Exercise instructions: Below are the entries. Transcribe exactly the lines from the one with "unfolding h_def ." through the one with "(auto simp: disjoint_family_on_def)", ends included, and leave out all others.

Stored items:
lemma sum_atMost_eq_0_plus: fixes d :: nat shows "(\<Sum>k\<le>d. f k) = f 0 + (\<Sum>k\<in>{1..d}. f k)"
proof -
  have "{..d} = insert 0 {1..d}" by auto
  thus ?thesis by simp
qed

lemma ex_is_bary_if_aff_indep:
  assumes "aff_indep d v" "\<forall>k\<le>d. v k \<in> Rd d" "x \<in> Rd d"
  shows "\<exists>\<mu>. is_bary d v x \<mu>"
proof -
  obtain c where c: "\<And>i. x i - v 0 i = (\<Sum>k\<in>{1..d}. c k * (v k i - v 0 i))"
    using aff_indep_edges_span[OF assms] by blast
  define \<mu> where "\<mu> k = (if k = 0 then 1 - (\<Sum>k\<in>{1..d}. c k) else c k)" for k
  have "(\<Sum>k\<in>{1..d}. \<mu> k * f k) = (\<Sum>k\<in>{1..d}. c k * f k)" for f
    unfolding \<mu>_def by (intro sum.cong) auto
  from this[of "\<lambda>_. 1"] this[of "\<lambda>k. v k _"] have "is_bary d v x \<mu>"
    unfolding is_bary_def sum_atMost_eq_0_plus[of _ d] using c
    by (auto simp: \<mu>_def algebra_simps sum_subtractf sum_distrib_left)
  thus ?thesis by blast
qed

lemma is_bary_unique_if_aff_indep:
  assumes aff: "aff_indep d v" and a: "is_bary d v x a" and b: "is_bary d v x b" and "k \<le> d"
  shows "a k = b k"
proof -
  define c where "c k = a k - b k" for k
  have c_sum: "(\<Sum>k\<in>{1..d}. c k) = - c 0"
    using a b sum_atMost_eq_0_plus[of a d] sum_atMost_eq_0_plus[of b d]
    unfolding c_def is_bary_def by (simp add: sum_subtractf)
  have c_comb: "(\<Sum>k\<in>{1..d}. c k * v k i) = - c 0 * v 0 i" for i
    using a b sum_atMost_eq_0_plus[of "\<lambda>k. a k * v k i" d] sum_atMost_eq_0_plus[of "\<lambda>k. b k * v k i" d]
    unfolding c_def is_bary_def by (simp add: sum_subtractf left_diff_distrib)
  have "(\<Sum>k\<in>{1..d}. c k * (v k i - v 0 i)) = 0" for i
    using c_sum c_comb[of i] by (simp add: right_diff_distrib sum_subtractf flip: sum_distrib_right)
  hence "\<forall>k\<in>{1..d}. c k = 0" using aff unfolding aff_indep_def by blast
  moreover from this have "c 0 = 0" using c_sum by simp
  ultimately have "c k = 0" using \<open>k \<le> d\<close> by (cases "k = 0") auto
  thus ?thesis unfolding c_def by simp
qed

* * *

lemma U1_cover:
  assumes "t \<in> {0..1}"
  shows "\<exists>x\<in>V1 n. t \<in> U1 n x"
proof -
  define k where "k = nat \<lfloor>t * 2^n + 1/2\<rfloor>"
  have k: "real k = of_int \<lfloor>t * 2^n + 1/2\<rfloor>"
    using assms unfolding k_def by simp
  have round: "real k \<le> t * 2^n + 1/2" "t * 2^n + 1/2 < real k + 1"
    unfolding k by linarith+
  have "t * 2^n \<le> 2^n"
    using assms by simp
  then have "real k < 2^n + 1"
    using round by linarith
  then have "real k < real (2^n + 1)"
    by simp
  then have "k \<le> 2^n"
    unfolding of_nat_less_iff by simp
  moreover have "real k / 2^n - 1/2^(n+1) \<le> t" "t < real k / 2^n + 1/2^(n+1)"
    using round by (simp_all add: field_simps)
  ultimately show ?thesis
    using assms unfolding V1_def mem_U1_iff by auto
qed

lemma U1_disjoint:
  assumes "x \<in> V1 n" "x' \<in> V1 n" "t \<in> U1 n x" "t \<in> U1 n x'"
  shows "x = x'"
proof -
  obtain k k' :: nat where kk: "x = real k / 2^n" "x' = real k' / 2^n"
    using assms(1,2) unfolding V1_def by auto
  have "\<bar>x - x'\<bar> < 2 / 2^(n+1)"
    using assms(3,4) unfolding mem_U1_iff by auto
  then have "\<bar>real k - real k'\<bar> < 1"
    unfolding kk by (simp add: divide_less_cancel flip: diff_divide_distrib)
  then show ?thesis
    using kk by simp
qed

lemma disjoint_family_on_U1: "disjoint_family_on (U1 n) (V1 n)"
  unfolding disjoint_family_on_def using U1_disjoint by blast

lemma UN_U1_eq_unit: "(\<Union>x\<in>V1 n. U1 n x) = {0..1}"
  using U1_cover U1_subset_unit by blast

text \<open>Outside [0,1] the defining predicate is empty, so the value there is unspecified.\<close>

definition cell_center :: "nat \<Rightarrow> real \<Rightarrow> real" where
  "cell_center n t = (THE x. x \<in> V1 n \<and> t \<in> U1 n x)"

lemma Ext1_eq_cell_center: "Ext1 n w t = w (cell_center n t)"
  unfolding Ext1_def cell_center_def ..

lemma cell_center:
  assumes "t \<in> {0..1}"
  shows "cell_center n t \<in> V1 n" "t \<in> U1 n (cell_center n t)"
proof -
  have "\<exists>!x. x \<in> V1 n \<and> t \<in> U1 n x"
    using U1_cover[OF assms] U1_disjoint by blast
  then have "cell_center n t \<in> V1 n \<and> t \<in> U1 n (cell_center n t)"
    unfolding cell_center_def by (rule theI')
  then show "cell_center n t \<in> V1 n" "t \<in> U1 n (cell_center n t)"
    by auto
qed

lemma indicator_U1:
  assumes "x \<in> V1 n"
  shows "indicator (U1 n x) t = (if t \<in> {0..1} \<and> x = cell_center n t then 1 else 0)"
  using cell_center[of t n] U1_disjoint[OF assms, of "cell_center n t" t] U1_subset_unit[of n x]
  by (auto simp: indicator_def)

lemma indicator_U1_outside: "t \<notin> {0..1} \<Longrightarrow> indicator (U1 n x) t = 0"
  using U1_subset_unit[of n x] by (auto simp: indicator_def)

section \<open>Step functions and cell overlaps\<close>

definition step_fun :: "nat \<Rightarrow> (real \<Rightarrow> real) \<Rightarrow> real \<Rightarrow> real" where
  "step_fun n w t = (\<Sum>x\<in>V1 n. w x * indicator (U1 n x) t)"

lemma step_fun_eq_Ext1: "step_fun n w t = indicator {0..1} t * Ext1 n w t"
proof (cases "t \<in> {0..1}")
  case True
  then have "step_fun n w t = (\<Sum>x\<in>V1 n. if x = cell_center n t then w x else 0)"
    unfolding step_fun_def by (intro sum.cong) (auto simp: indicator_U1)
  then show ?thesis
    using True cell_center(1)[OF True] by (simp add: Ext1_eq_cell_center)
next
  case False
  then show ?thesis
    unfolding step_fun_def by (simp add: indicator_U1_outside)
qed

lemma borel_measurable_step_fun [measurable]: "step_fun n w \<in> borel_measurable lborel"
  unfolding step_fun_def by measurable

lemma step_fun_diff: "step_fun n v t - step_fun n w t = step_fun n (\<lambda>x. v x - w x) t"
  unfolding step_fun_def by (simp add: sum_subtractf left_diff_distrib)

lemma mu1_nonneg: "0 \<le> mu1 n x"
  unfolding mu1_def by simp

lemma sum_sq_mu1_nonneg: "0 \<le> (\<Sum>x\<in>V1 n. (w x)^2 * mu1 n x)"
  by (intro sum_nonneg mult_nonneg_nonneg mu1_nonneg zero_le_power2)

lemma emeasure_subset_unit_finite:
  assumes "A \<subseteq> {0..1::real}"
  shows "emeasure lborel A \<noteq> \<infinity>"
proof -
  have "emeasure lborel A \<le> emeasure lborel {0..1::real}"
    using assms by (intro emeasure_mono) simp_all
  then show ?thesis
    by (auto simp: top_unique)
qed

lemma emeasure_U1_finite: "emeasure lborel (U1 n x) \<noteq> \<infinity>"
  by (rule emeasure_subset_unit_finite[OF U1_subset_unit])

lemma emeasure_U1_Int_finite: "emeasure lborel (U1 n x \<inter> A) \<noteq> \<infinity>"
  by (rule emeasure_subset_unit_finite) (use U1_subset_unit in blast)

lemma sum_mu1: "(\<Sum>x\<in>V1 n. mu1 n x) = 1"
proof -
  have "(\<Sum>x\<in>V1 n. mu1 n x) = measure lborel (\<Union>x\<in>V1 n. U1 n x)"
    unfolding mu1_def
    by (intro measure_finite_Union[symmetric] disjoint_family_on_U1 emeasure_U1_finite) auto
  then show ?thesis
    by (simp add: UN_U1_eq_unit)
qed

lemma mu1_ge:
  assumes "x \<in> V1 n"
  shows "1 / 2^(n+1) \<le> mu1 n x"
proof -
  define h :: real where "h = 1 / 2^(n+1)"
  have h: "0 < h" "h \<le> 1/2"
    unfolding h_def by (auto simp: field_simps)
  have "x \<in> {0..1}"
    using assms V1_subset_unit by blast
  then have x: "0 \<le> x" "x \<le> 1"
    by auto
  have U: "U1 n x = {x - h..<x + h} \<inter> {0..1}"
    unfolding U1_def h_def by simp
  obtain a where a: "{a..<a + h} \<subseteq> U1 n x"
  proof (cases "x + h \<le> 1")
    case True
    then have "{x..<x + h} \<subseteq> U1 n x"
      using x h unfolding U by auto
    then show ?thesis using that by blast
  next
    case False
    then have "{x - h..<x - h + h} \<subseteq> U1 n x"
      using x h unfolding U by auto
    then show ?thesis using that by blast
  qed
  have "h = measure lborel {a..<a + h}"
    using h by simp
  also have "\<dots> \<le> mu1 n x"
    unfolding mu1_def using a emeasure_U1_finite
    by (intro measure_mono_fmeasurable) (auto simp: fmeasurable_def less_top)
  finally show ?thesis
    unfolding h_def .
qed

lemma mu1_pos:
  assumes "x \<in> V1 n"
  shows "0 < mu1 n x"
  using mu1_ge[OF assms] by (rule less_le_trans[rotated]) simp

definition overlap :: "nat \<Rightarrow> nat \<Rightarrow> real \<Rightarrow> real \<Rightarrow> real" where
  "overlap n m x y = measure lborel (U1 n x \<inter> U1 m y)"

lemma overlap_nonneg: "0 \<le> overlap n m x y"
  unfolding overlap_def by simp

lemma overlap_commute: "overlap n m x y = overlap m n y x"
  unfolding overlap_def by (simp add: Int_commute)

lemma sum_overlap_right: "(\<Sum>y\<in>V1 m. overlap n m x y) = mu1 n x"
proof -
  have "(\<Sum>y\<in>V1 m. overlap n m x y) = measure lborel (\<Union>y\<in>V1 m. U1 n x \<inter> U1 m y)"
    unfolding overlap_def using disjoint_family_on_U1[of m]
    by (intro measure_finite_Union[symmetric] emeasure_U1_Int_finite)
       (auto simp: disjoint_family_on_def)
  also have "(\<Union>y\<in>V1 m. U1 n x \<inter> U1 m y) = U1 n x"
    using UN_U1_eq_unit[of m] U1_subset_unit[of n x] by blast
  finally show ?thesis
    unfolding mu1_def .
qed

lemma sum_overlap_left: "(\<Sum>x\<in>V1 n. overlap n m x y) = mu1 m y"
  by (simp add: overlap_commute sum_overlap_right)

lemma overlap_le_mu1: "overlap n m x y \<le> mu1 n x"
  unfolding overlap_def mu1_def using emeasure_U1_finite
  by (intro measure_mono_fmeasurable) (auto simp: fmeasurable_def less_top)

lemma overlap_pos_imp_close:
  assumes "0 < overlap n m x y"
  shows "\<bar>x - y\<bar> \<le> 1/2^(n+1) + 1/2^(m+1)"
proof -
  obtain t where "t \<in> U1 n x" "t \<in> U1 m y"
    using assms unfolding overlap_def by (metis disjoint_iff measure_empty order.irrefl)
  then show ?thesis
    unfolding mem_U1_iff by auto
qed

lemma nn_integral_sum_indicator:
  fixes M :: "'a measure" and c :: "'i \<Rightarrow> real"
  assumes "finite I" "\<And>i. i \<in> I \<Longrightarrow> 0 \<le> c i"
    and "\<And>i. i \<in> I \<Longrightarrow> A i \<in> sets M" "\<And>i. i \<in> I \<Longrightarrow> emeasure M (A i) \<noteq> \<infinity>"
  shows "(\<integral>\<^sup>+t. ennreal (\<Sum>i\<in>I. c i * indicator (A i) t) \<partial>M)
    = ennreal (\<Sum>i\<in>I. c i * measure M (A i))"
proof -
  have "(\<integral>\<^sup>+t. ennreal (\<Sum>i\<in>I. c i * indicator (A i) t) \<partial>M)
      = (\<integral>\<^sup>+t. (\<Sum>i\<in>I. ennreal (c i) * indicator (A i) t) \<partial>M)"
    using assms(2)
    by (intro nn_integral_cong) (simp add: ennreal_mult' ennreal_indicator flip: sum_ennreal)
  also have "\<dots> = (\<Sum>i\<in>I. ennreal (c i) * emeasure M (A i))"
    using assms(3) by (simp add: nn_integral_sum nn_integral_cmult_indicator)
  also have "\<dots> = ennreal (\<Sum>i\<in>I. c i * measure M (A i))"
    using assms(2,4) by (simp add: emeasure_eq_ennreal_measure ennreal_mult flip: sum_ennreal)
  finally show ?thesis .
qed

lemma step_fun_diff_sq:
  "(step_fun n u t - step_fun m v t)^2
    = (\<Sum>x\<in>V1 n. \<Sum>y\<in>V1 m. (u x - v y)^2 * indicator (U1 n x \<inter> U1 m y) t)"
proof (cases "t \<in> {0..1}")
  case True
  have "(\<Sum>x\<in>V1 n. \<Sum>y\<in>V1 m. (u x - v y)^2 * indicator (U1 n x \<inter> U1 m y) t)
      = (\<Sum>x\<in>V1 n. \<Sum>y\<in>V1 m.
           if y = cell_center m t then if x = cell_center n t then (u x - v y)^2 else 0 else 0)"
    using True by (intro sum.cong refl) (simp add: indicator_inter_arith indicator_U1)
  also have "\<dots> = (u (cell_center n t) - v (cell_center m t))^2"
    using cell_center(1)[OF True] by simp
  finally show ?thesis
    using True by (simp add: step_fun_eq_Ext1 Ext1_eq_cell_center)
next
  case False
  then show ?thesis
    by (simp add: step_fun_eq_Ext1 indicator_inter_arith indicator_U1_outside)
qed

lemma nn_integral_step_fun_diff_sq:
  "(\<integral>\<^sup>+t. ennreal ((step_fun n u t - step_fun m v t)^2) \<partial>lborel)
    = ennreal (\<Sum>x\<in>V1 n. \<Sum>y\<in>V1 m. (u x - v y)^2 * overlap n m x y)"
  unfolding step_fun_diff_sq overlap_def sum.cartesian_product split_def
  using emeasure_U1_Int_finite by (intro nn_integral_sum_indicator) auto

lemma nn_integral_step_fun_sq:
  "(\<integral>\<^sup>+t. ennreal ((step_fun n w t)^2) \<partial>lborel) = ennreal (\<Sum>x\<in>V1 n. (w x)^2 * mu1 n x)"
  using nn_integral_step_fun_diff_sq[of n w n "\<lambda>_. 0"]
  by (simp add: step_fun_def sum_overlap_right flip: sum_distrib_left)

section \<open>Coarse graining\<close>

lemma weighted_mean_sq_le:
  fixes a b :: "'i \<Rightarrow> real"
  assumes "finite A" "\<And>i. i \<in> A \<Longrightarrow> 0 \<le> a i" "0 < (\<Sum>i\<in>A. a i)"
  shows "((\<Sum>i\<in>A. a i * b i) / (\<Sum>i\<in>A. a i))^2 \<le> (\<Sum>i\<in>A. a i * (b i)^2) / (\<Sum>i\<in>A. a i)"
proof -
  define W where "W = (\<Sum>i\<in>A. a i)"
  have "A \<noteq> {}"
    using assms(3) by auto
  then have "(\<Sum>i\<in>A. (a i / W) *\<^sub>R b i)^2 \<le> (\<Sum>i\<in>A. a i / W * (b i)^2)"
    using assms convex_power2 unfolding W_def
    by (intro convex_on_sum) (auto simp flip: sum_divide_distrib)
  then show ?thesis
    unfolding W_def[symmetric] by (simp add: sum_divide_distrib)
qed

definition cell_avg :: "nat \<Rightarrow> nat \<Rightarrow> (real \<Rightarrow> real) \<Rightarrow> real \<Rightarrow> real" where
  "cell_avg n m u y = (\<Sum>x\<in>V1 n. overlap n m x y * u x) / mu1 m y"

Solution:
    unfolding h_def .
qed

lemma mu1_pos:
  assumes "x \<in> V1 n"
  shows "0 < mu1 n x"
  using mu1_ge[OF assms] by (rule less_le_trans[rotated]) simp

definition overlap :: "nat \<Rightarrow> nat \<Rightarrow> real \<Rightarrow> real \<Rightarrow> real" where
  "overlap n m x y = measure lborel (U1 n x \<inter> U1 m y)"

lemma overlap_nonneg: "0 \<le> overlap n m x y"
  unfolding overlap_def by simp

lemma overlap_commute: "overlap n m x y = overlap m n y x"
  unfolding overlap_def by (simp add: Int_commute)

lemma sum_overlap_right: "(\<Sum>y\<in>V1 m. overlap n m x y) = mu1 n x"
proof -
  have "(\<Sum>y\<in>V1 m. overlap n m x y) = measure lborel (\<Union>y\<in>V1 m. U1 n x \<inter> U1 m y)"
    unfolding overlap_def using disjoint_family_on_U1[of m]
    by (intro measure_finite_Union[symmetric] emeasure_U1_Int_finite)
       (auto simp: disjoint_family_on_def)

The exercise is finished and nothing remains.